=== EXTRACTED DATA ===

lemma superdiff_of_quadratic_bound:
  fixes u :: "real^'n \<Rightarrow> real"
  assumes "open S" "x \<in> S"
    and "\<And>y. y \<in> S \<Longrightarrow> u y \<le> u x + p \<bullet> (y - x) + c * norm (y - x)^2"
  shows "p \<in> superdiff u x"
  unfolding superdiff_def
proof (intro CollectI allI impI)
  fix e :: real
  assume "e > 0"
  define c' where "c' = \<bar>c\<bar> + 1"
  have "c' > 0"
    by (simp add: c'_def add_nonneg_pos)
  obtain r where "r > 0" "ball x r \<subseteq> S"
    using assms(1,2) open_contains_ball by blast
  show "\<forall>\<^sub>F y in at x. u y \<le> u x + p \<bullet> (y - x) + e * norm (y - x)"
    unfolding eventually_at
  proof (intro exI[of _ "min r (e / c')"] conjI ballI impI)
    show "min r (e / c') > 0"
      using \<open>r > 0\<close> \<open>e > 0\<close> \<open>c' > 0\<close> by simp
    fix y
    assume y: "y \<noteq> x \<and> dist y x < min r (e / c')"
    then have "y \<in> S"
      using \<open>ball x r \<subseteq> S\<close> by (auto simp: dist_commute)
    have "c' * norm (y - x) \<le> e"
      using y \<open>c' > 0\<close> by (simp add: dist_norm field_simps)
    have "c * norm (y - x)^2 \<le> c' * norm (y - x)^2"
      by (intro mult_right_mono) (auto simp: c'_def)
    also have "\<dots> = (c' * norm (y - x)) * norm (y - x)"
      by (simp add: power2_eq_square)
    also have "\<dots> \<le> e * norm (y - x)"
      using \<open>c' * norm (y - x) \<le> e\<close> by (simp add: mult_right_mono)
    finally have "c * norm (y - x)^2 \<le> e * norm (y - x)" .
    then show "u y \<le> u x + p \<bullet> (y - x) + e * norm (y - x)"
      using assms(3)[OF \<open>y \<in> S\<close>] by linarith
  qed
qed

lemma superdiff_at_max_minus_paraboloid:
  fixes u :: "real^'n \<Rightarrow> real"
  assumes "open S" "x \<in> S"
    and "\<And>y. y \<in> S \<Longrightarrow> u y - c * norm (y - a)^2 \<le> u x - c * norm (x - a)^2"
  shows "(2 * c) *\<^sub>R (x - a) \<in> superdiff u x"
proof (rule superdiff_of_quadratic_bound[OF assms(1,2)])
  fix y
  assume "y \<in> S"
  have "c * norm (y - a)^2 = c * norm (x - a)^2 + (2 * c) *\<^sub>R (x - a) \<bullet> (y - x) + c * norm (y - x)^2"
    by (simp add: power2_norm_eq_inner algebra_simps inner_commute)
  then show "u y \<le> u x + (2 * c) *\<^sub>R (x - a) \<bullet> (y - x) + c * norm (y - x)^2"
    using assms(3)[OF \<open>y \<in> S\<close>] by linarith
qed

lemma subdiff_at_min_plus_paraboloid:
  fixes v :: "real^'n \<Rightarrow> real"
  assumes "open S" "x \<in> S"
    and "\<And>y. y \<in> S \<Longrightarrow> v x + c * norm (x - a)^2 \<le> v y + c * norm (y - a)^2"
  shows "(2 * c) *\<^sub>R (a - x) \<in> subdiff v x"
proof -
  have "(2 * c) *\<^sub>R (x - a) \<in> superdiff (\<lambda>y. - v y) x"
  proof (rule superdiff_at_max_minus_paraboloid[OF assms(1,2)])
    fix y
    assume "y \<in> S"
    then show "- v y - c * norm (y - a)^2 \<le> - v x - c * norm (x - a)^2"
      using assms(3) by fastforce
  qed
  then show ?thesis
    by (simp add: subdiff_iff_superdiff_uminus scaleR_diff_right)
qed

lemma open_pos_orthant: "open pos_orthant"
proof -
  have "pos_orthant = (\<Inter>i. {x::real^'n. 0 < x $ i})"
    by (auto simp: pos_orthant_def)
  show ?thesis
    unfolding \<open>pos_orthant = _\<close> by (auto intro!: open_INT open_Collect_less continuous_intros)
qed

lemma pos_orthant_subset_cl_orthant: "pos_orthant \<subseteq> cl_orthant"
  by (auto simp: pos_orthant_def cl_orthant_def less_imp_le)

lemma subdiff_nonneg_if_pareto_monotone:
  fixes v :: "real^'n \<Rightarrow> real"
  assumes "pareto_monotone_on cl_orthant v" "x \<in> pos_orthant" "p \<in> subdiff v x"
  shows "0 \<le> p $ i"
proof (rule ccontr)
  assume "\<not> 0 \<le> p $ i"
  define e where "e = - p $ i / 2"
  have "e > 0"
    using \<open>\<not> 0 \<le> p $ i\<close> by (simp add: e_def)
  then obtain d where "d > 0"
    and d: "\<And>y. y \<noteq> x \<Longrightarrow> dist y x < d \<Longrightarrow> v x + p \<bullet> (y - x) - e * norm (y - x) \<le> v y"
    using assms(3) unfolding subdiff_def eventually_at by auto
  have "0 < x $ i"
    using assms(2) by (simp add: pos_orthant_def)
  define t where "t = min (d / 2) (x $ i)"
  have t: "0 < t" "t < d" "t \<le> x $ i"
    using \<open>d > 0\<close> \<open>0 < x $ i\<close> by (auto simp: t_def)
  \<comment> \<open>lowering coordinate \<open>i\<close> cannot increase \<open>v\<close>, but a negative \<open>p $ i\<close> would force it to\<close>
  define y where "y = x - t *\<^sub>R axis i 1"
  have "norm (y - x) = t"
    using t by (simp add: y_def)
  then have "v x + t * (- p $ i) - e * t \<le> v y"
    using d[of y] t by (simp add: y_def dist_norm inner_axis)
  moreover have "y \<in> cl_orthant" "pareto_le y x"
    using assms(2) t by (auto simp: y_def cl_orthant_def pos_orthant_def pareto_le_def axis_def less_imp_le)
  then have "v y \<le> v x"
    using assms(1,2) pos_orthant_subset_cl_orthant unfolding pareto_monotone_on_def by blast
  ultimately have "0 \<le> t * p $ i"
    by (simp add: e_def algebra_simps)
  then show False
    using t \<open>\<not> 0 \<le> p $ i\<close> by (simp add: zero_le_mult_iff)
qed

===

TASK TO CARRY OUT: With nothing left out, copy every record exactly.

SOLVED EXERCISE:
lemma superdiff_of_quadratic_bound:
  fixes u :: "real^'n \<Rightarrow> real"
  assumes "open S" "x \<in> S"
    and "\<And>y. y \<in> S \<Longrightarrow> u y \<le> u x + p \<bullet> (y - x) + c * norm (y - x)^2"
  shows "p \<in> superdiff u x"
  unfolding superdiff_def
proof (intro CollectI allI impI)
  fix e :: real
  assume "e > 0"
  define c' where "c' = \<bar>c\<bar> + 1"
  have "c' > 0"
    by (simp add: c'_def add_nonneg_pos)
  obtain r where "r > 0" "ball x r \<subseteq> S"
    using assms(1,2) open_contains_ball by blast
  show "\<forall>\<^sub>F y in at x. u y \<le> u x + p \<bullet> (y - x) + e * norm (y - x)"
    unfolding eventually_at
  proof (intro exI[of _ "min r (e / c')"] conjI ballI impI)
    show "min r (e / c') > 0"
      using \<open>r > 0\<close> \<open>e > 0\<close> \<open>c' > 0\<close> by simp
    fix y
    assume y: "y \<noteq> x \<and> dist y x < min r (e / c')"
    then have "y \<in> S"
      using \<open>ball x r \<subseteq> S\<close> by (auto simp: dist_commute)
    have "c' * norm (y - x) \<le> e"
      using y \<open>c' > 0\<close> by (simp add: dist_norm field_simps)
    have "c * norm (y - x)^2 \<le> c' * norm (y - x)^2"
      by (intro mult_right_mono) (auto simp: c'_def)
    also have "\<dots> = (c' * norm (y - x)) * norm (y - x)"
      by (simp add: power2_eq_square)
    also have "\<dots> \<le> e * norm (y - x)"
      using \<open>c' * norm (y - x) \<le> e\<close> by (simp add: mult_right_mono)
    finally have "c * norm (y - x)^2 \<le> e * norm (y - x)" .
    then show "u y \<le> u x + p \<bullet> (y - x) + e * norm (y - x)"
      using assms(3)[OF \<open>y \<in> S\<close>] by linarith
  qed
qed

lemma superdiff_at_max_minus_paraboloid:
  fixes u :: "real^'n \<Rightarrow> real"
  assumes "open S" "x \<in> S"
    and "\<And>y. y \<in> S \<Longrightarrow> u y - c * norm (y - a)^2 \<le> u x - c * norm (x - a)^2"
  shows "(2 * c) *\<^sub>R (x - a) \<in> superdiff u x"
proof (rule superdiff_of_quadratic_bound[OF assms(1,2)])
  fix y
  assume "y \<in> S"
  have "c * norm (y - a)^2 = c * norm (x - a)^2 + (2 * c) *\<^sub>R (x - a) \<bullet> (y - x) + c * norm (y - x)^2"
    by (simp add: power2_norm_eq_inner algebra_simps inner_commute)
  then show "u y \<le> u x + (2 * c) *\<^sub>R (x - a) \<bullet> (y - x) + c * norm (y - x)^2"
    using assms(3)[OF \<open>y \<in> S\<close>] by linarith
qed

lemma subdiff_at_min_plus_paraboloid:
  fixes v :: "real^'n \<Rightarrow> real"
  assumes "open S" "x \<in> S"
    and "\<And>y. y \<in> S \<Longrightarrow> v x + c * norm (x - a)^2 \<le> v y + c * norm (y - a)^2"
  shows "(2 * c) *\<^sub>R (a - x) \<in> subdiff v x"
proof -
  have "(2 * c) *\<^sub>R (x - a) \<in> superdiff (\<lambda>y. - v y) x"
  proof (rule superdiff_at_max_minus_paraboloid[OF assms(1,2)])
    fix y
    assume "y \<in> S"
    then show "- v y - c * norm (y - a)^2 \<le> - v x - c * norm (x - a)^2"
      using assms(3) by fastforce
  qed
  then show ?thesis
    by (simp add: subdiff_iff_superdiff_uminus scaleR_diff_right)
qed

lemma open_pos_orthant: "open pos_orthant"
proof -
  have "pos_orthant = (\<Inter>i. {x::real^'n. 0 < x $ i})"
    by (auto simp: pos_orthant_def)
  show ?thesis
    unfolding \<open>pos_orthant = _\<close> by (auto intro!: open_INT open_Collect_less continuous_intros)
qed

lemma pos_orthant_subset_cl_orthant: "pos_orthant \<subseteq> cl_orthant"
  by (auto simp: pos_orthant_def cl_orthant_def less_imp_le)

lemma subdiff_nonneg_if_pareto_monotone:
  fixes v :: "real^'n \<Rightarrow> real"
  assumes "pareto_monotone_on cl_orthant v" "x \<in> pos_orthant" "p \<in> subdiff v x"
  shows "0 \<le> p $ i"
proof (rule ccontr)
  assume "\<not> 0 \<le> p $ i"
  define e where "e = - p $ i / 2"
  have "e > 0"
    using \<open>\<not> 0 \<le> p $ i\<close> by (simp add: e_def)
  then obtain d where "d > 0"
    and d: "\<And>y. y \<noteq> x \<Longrightarrow> dist y x < d \<Longrightarrow> v x + p \<bullet> (y - x) - e * norm (y - x) \<le> v y"
    using assms(3) unfolding subdiff_def eventually_at by auto
  have "0 < x $ i"
    using assms(2) by (simp add: pos_orthant_def)
  define t where "t = min (d / 2) (x $ i)"
  have t: "0 < t" "t < d" "t \<le> x $ i"
    using \<open>d > 0\<close> \<open>0 < x $ i\<close> by (auto simp: t_def)
  \<comment> \<open>lowering coordinate \<open>i\<close> cannot increase \<open>v\<close>, but a negative \<open>p $ i\<close> would force it to\<close>
  define y where "y = x - t *\<^sub>R axis i 1"
  have "norm (y - x) = t"
    using t by (simp add: y_def)
  then have "v x + t * (- p $ i) - e * t \<le> v y"
    using d[of y] t by (simp add: y_def dist_norm inner_axis)
  moreover have "y \<in> cl_orthant" "pareto_le y x"
    using assms(2) t by (auto simp: y_def cl_orthant_def pos_orthant_def pareto_le_def axis_def less_imp_le)
  then have "v y \<le> v x"
    using assms(1,2) pos_orthant_subset_cl_orthant unfolding pareto_monotone_on_def by blast
  ultimately have "0 \<le> t * p $ i"
    by (simp add: e_def algebra_simps)
  then show False
    using t \<open>\<not> 0 \<le> p $ i\<close> by (simp add: zero_le_mult_iff)
qed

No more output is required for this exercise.